Top of Source records

(* Let $A,E\in\mathbb{R}^{n\times m}$, $\widetilde A=A+E$, $1\le r<\min\{n,m\}$, with full SVDs $A=U\Sigma V^T$ and $\widetilde A=\widetilde U\widetilde\Sigma\widetilde V^T$, and let $A_r=U_1\Sigma_1V_1^T$, $\widetilde A_r=\widetilde U_1\widetilde\Sigma_1\widetilde V_1^T$. Then \[A_r-\widetilde A_r=U\begin{pmatrix}-U_1^TE\widetilde V_1 & -U_1^TE\widetilde V_2\\ -U_2^TAV_2V_2^T\widetilde V_1 & 0\end{pmatrix}\widetilde V^T+U\begin{pmatrix}0 & U_1^T\widetilde U_2\widetilde U_2^T\widetilde A\widetilde V_2\\ -U_2^TE\widetilde V_1 & 0\end{pmatrix}\widetilde V^T.\]
   Context: In the full SVDs, $U,\widetilde U\in\mathbb{R}^{n\times n}$ and $V,\widetilde V\in\mathbb{R}^{m\times m}$ are orthogonal and the singular values are in nonincreasing order. $U=(U_1\ U_2)$, $\widetilde U=(\widetilde U_1\ \widetilde U_2)$ with $U_1,\widetilde U_1\in\mathbb{R}^{n\times r}$; $V=(V_1\ V_2)$, $\widetilde V=(\widetilde V_1\ \widetilde V_2)$ with $V_1,\widetilde V_1\in\mathbb{R}^{m\times r}$; $\Sigma_1,\widetilde\Sigma_1$ are the $r\times r$ diagonal matrices of the $r$ largest singular values of $A$ and $\widetilde A$. *)

theory Defs
  imports "Jordan_Normal_Form.Matrix"
begin

definition orth_mat :: "nat \<Rightarrow> real mat \<Rightarrow> bool" where
  "orth_mat k Q \<longleftrightarrow> Q \<in> carrier_mat k k \<and> transpose_mat Q * Q = 1\<^sub>m k"

definition full_svd :: "nat \<Rightarrow> nat \<Rightarrow> real mat \<Rightarrow> real mat \<Rightarrow> real mat \<Rightarrow> real mat \<Rightarrow> bool" where
  "full_svd n m A U S V \<longleftrightarrow>
     A \<in> carrier_mat n m \<and> orth_mat n U \<and> orth_mat m V \<and> S \<in> carrier_mat n m \<and>
     (\<forall>i<n. \<forall>j<m. i \<noteq> j \<longrightarrow> S $$ (i,j) = 0) \<and>
     (\<forall>i<min n m. 0 \<le> S $$ (i,i)) \<and>
     (\<forall>i j. i \<le> j \<longrightarrow> j < min n m \<longrightarrow> S $$ (j,j) \<le> S $$ (i,i)) \<and>
     A = U * S * transpose_mat V"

Bottom of Source records

§ **What to produce**:
Please copy out the data above exactly.

§ **Written response**:
(* Let $A,E\in\mathbb{R}^{n\times m}$, $\widetilde A=A+E$, $1\le r<\min\{n,m\}$, with full SVDs $A=U\Sigma V^T$ and $\widetilde A=\widetilde U\widetilde\Sigma\widetilde V^T$, and let $A_r=U_1\Sigma_1V_1^T$, $\widetilde A_r=\widetilde U_1\widetilde\Sigma_1\widetilde V_1^T$. Then \[A_r-\widetilde A_r=U\begin{pmatrix}-U_1^TE\widetilde V_1 & -U_1^TE\widetilde V_2\\ -U_2^TAV_2V_2^T\widetilde V_1 & 0\end{pmatrix}\widetilde V^T+U\begin{pmatrix}0 & U_1^T\widetilde U_2\widetilde U_2^T\widetilde A\widetilde V_2\\ -U_2^TE\widetilde V_1 & 0\end{pmatrix}\widetilde V^T.\]
   Context: In the full SVDs, $U,\widetilde U\in\mathbb{R}^{n\times n}$ and $V,\widetilde V\in\mathbb{R}^{m\times m}$ are orthogonal and the singular values are in nonincreasing order. $U=(U_1\ U_2)$, $\widetilde U=(\widetilde U_1\ \widetilde U_2)$ with $U_1,\widetilde U_1\in\mathbb{R}^{n\times r}$; $V=(V_1\ V_2)$, $\widetilde V=(\widetilde V_1\ \widetilde V_2)$ with $V_1,\widetilde V_1\in\mathbb{R}^{m\times r}$; $\Sigma_1,\widetilde\Sigma_1$ are the $r\times r$ diagonal matrices of the $r$ largest singular values of $A$ and $\widetilde A$. *)

theory Defs
  imports "Jordan_Normal_Form.Matrix"
begin

definition orth_mat :: "nat \<Rightarrow> real mat \<Rightarrow> bool" where
  "orth_mat k Q \<longleftrightarrow> Q \<in> carrier_mat k k \<and> transpose_mat Q * Q = 1\<^sub>m k"

definition full_svd :: "nat \<Rightarrow> nat \<Rightarrow> real mat \<Rightarrow> real mat \<Rightarrow> real mat \<Rightarrow> real mat \<Rightarrow> bool" where
  "full_svd n m A U S V \<longleftrightarrow>
     A \<in> carrier_mat n m \<and> orth_mat n U \<and> orth_mat m V \<and> S \<in> carrier_mat n m \<and>
     (\<forall>i<n. \<forall>j<m. i \<noteq> j \<longrightarrow> S $$ (i,j) = 0) \<and>
     (\<forall>i<min n m. 0 \<le> S $$ (i,i)) \<and>
     (\<forall>i j. i \<le> j \<longrightarrow> j < min n m \<longrightarrow> S $$ (j,j) \<le> S $$ (i,i)) \<and>
     A = U * S * transpose_mat V"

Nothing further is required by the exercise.